The problem:
Please return the whole listing word for word.

Supplied data:
text \<open>A closed walk with an odd number of edges is a list of even length.\<close>

lemma odd_closed_walk_not_bicolourable:
  assumes "ws \<noteq> []" "hd ws = last ws" "even (length ws)"
  shows "\<not> bicolouring c (path_edges ws)"
proof
  assume c: "bicolouring c (path_edges ws)"
  define n where "n = length ws - 1"
  have n: "n < length ws" "odd n" using assms(1,3) n_def by (cases ws; auto)+
  have "ws ! n = ws ! 0" using assms(1,2) n_def by (simp add: hd_conv_nth last_conv_nth)
  then show False using bicolouring_alternates[OF c n(1)] n(2) by simp
qed

lemma odd_cycle_not_bicolourable:
  assumes "is_cycle E xs" "odd (length xs)"
  shows "\<not> bicolouring c (cycle_edges xs)"
proof -
  have "xs \<noteq> []" using assms(1) by (auto simp: is_cycle_def)
  then show ?thesis
    using odd_closed_walk_not_bicolourable[of "xs @ [hd xs]" c] assms(2)
    by (simp add: cycle_edges_closed_path)
qed

lemma closed_walk_split:
  assumes "i < j" "j < length ws" "ws ! i = ws ! j"
  defines "W1 \<equiv> take (Suc (j - i)) (drop i ws)" and "W2 \<equiv> take (Suc i) ws @ tl (drop j ws)"
  shows "path_edges W1 \<subseteq> path_edges ws" "path_edges W2 \<subseteq> path_edges ws"
    "hd W1 = last W1" "hd W2 = hd ws" "last W2 = last ws"
    "length W1 = Suc (j - i)" "length W1 + length W2 = Suc (length ws)"
proof -
  have split: "take (Suc i) ws \<noteq> []" "drop j ws \<noteq> []" "last (take (Suc i) ws) = hd (drop j ws)"
    using assms(1-3) by (auto simp: take_Suc_conv_app_nth hd_drop_conv_nth)
  show "path_edges W1 \<subseteq> path_edges ws"
    unfolding W1_def using path_edges_take_subset path_edges_drop_subset by blast
  show "path_edges W2 \<subseteq> path_edges ws"
    unfolding W2_def path_edges_append_tl[OF split]
    using path_edges_take_subset path_edges_drop_subset by blast
  show "hd W1 = last W1" unfolding W1_def using assms(1-3) by (simp add: hd_drop_conv_nth last_conv_nth)
  show "hd W2 = hd ws" unfolding W2_def using assms(2) by (cases ws) auto
  show "last W2 = last ws"
  proof (cases "tl (drop j ws) = []")
    case True
    then have "last W2 = hd (drop j ws)" unfolding W2_def using split by simp
    also have "\<dots> = last (drop j ws)" using True split(2) by (cases "drop j ws") auto
    finally show ?thesis using assms(2) by simp
  next
    case False
    then have "last W2 = last (drop j ws)" unfolding W2_def by (cases "drop j ws") auto
    then show ?thesis using assms(2) by simp
  qed
  show "length W1 = Suc (j - i)" "length W1 + length W2 = Suc (length ws)"
    unfolding W1_def W2_def using assms(1,2) by auto
qed

lemma odd_closed_walk_odd_cycle:
  assumes "path_edges ws \<subseteq> E" "length ws \<ge> 2" "hd ws = last ws" "even (length ws)"
    and "\<forall>v. {v} \<notin> E"
  shows "\<exists>xs. is_cycle E xs \<and> odd (length xs)"
  using assms(1-4)
proof (induction "length ws" arbitrary: ws rule: less_induct)
  case less
  define zs where "zs = butlast ws"
  have ws: "ws = zs @ [hd zs]" "zs \<noteq> []"
    using less.prems(2,3) unfolding zs_def by (cases ws; auto)+
  have odd: "odd (length zs)" using less.prems(2,4) unfolding zs_def by auto
  show ?case
  proof (cases "distinct zs")
    case True
    have "length zs \<noteq> 1"
    proof
      assume "length zs = 1"
      then obtain x where "zs = [x]" by (cases zs) auto
      then show False using ws(1) less.prems(1) assms(5) by simp
    qed
    moreover have "length zs \<noteq> 0" "length zs \<noteq> 2" using odd by auto
    ultimately have "length zs \<ge> 3" by linarith
    then have "is_cycle E zs"
      using True less.prems(1) ws cycle_edges_closed_path[of zs] by (simp add: is_cycle_iff)
    then show ?thesis using odd by blast
  next
    case False
    then obtain i j where ij: "i < j" "j < length zs" "zs ! i = zs ! j"
      by (metis distinct_conv_nth linorder_neqE_nat)
    then have ij': "j < length ws" "ws ! i = ws ! j" using ws(1) by (auto simp: nth_append)
    note W = closed_walk_split[OF ij(1) ij']
    let ?W1 = "take (Suc (j - i)) (drop i ws)" and ?W2 = "take (Suc i) ws @ tl (drop j ws)"
    have "even (length ?W1) \<or> even (length ?W2)"
    proof (rule ccontr)
      assume "\<not> (even (length ?W1) \<or> even (length ?W2))"
      then have "even (length ?W1 + length ?W2)" by simp
      then have "even (Suc (length ws))" unfolding W(7) .
      then show False using less.prems(4) by simp
    qed
    moreover have "length ?W1 < length ws" "length ?W2 < length ws" "length ?W1 \<ge> 2" "length ?W2 \<ge> 2"
      using W(6,7) ij ws(1) by auto
    ultimately show ?thesis
      using less.hyps W(1-5) less.prems(1,3) by (metis order.trans)
  qed
qed

definition reachable :: "'a set set \<Rightarrow> 'a \<Rightarrow> 'a \<Rightarrow> bool" where
  "reachable E u v \<longleftrightarrow> (\<exists>ws. ws \<noteq> [] \<and> hd ws = u \<and> last ws = v \<and> path_edges ws \<subseteq> E)"

lemma reachable_refl: "reachable E v v"
  unfolding reachable_def by (intro exI[of _ "[v]"]) simp

lemma reachable_sym: "reachable E u v \<Longrightarrow> reachable E v u"
  unfolding reachable_def by (metis path_edges_rev Nil_is_rev_conv hd_rev last_rev)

Answer for this exercise:
text \<open>A closed walk with an odd number of edges is a list of even length.\<close>

lemma odd_closed_walk_not_bicolourable:
  assumes "ws \<noteq> []" "hd ws = last ws" "even (length ws)"
  shows "\<not> bicolouring c (path_edges ws)"
proof
  assume c: "bicolouring c (path_edges ws)"
  define n where "n = length ws - 1"
  have n: "n < length ws" "odd n" using assms(1,3) n_def by (cases ws; auto)+
  have "ws ! n = ws ! 0" using assms(1,2) n_def by (simp add: hd_conv_nth last_conv_nth)
  then show False using bicolouring_alternates[OF c n(1)] n(2) by simp
qed

lemma odd_cycle_not_bicolourable:
  assumes "is_cycle E xs" "odd (length xs)"
  shows "\<not> bicolouring c (cycle_edges xs)"
proof -
  have "xs \<noteq> []" using assms(1) by (auto simp: is_cycle_def)
  then show ?thesis
    using odd_closed_walk_not_bicolourable[of "xs @ [hd xs]" c] assms(2)
    by (simp add: cycle_edges_closed_path)
qed

lemma closed_walk_split:
  assumes "i < j" "j < length ws" "ws ! i = ws ! j"
  defines "W1 \<equiv> take (Suc (j - i)) (drop i ws)" and "W2 \<equiv> take (Suc i) ws @ tl (drop j ws)"
  shows "path_edges W1 \<subseteq> path_edges ws" "path_edges W2 \<subseteq> path_edges ws"
    "hd W1 = last W1" "hd W2 = hd ws" "last W2 = last ws"
    "length W1 = Suc (j - i)" "length W1 + length W2 = Suc (length ws)"
proof -
  have split: "take (Suc i) ws \<noteq> []" "drop j ws \<noteq> []" "last (take (Suc i) ws) = hd (drop j ws)"
    using assms(1-3) by (auto simp: take_Suc_conv_app_nth hd_drop_conv_nth)
  show "path_edges W1 \<subseteq> path_edges ws"
    unfolding W1_def using path_edges_take_subset path_edges_drop_subset by blast
  show "path_edges W2 \<subseteq> path_edges ws"
    unfolding W2_def path_edges_append_tl[OF split]
    using path_edges_take_subset path_edges_drop_subset by blast
  show "hd W1 = last W1" unfolding W1_def using assms(1-3) by (simp add: hd_drop_conv_nth last_conv_nth)
  show "hd W2 = hd ws" unfolding W2_def using assms(2) by (cases ws) auto
  show "last W2 = last ws"
  proof (cases "tl (drop j ws) = []")
    case True
    then have "last W2 = hd (drop j ws)" unfolding W2_def using split by simp
    also have "\<dots> = last (drop j ws)" using True split(2) by (cases "drop j ws") auto
    finally show ?thesis using assms(2) by simp
  next
    case False
    then have "last W2 = last (drop j ws)" unfolding W2_def by (cases "drop j ws") auto
    then show ?thesis using assms(2) by simp
  qed
  show "length W1 = Suc (j - i)" "length W1 + length W2 = Suc (length ws)"
    unfolding W1_def W2_def using assms(1,2) by auto
qed

lemma odd_closed_walk_odd_cycle:
  assumes "path_edges ws \<subseteq> E" "length ws \<ge> 2" "hd ws = last ws" "even (length ws)"
    and "\<forall>v. {v} \<notin> E"
  shows "\<exists>xs. is_cycle E xs \<and> odd (length xs)"
  using assms(1-4)
proof (induction "length ws" arbitrary: ws rule: less_induct)
  case less
  define zs where "zs = butlast ws"
  have ws: "ws = zs @ [hd zs]" "zs \<noteq> []"
    using less.prems(2,3) unfolding zs_def by (cases ws; auto)+
  have odd: "odd (length zs)" using less.prems(2,4) unfolding zs_def by auto
  show ?case
  proof (cases "distinct zs")
    case True
    have "length zs \<noteq> 1"
    proof
      assume "length zs = 1"
      then obtain x where "zs = [x]" by (cases zs) auto
      then show False using ws(1) less.prems(1) assms(5) by simp
    qed
    moreover have "length zs \<noteq> 0" "length zs \<noteq> 2" using odd by auto
    ultimately have "length zs \<ge> 3" by linarith
    then have "is_cycle E zs"
      using True less.prems(1) ws cycle_edges_closed_path[of zs] by (simp add: is_cycle_iff)
    then show ?thesis using odd by blast
  next
    case False
    then obtain i j where ij: "i < j" "j < length zs" "zs ! i = zs ! j"
      by (metis distinct_conv_nth linorder_neqE_nat)
    then have ij': "j < length ws" "ws ! i = ws ! j" using ws(1) by (auto simp: nth_append)
    note W = closed_walk_split[OF ij(1) ij']
    let ?W1 = "take (Suc (j - i)) (drop i ws)" and ?W2 = "take (Suc i) ws @ tl (drop j ws)"
    have "even (length ?W1) \<or> even (length ?W2)"
    proof (rule ccontr)
      assume "\<not> (even (length ?W1) \<or> even (length ?W2))"
      then have "even (length ?W1 + length ?W2)" by simp
      then have "even (Suc (length ws))" unfolding W(7) .
      then show False using less.prems(4) by simp
    qed
    moreover have "length ?W1 < length ws" "length ?W2 < length ws" "length ?W1 \<ge> 2" "length ?W2 \<ge> 2"
      using W(6,7) ij ws(1) by auto
    ultimately show ?thesis
      using less.hyps W(1-5) less.prems(1,3) by (metis order.trans)
  qed
qed

definition reachable :: "'a set set \<Rightarrow> 'a \<Rightarrow> 'a \<Rightarrow> bool" where
  "reachable E u v \<longleftrightarrow> (\<exists>ws. ws \<noteq> [] \<and> hd ws = u \<and> last ws = v \<and> path_edges ws \<subseteq> E)"

lemma reachable_refl: "reachable E v v"
  unfolding reachable_def by (intro exI[of _ "[v]"]) simp

lemma reachable_sym: "reachable E u v \<Longrightarrow> reachable E v u"
  unfolding reachable_def by (metis path_edges_rev Nil_is_rev_conv hd_rev last_rev)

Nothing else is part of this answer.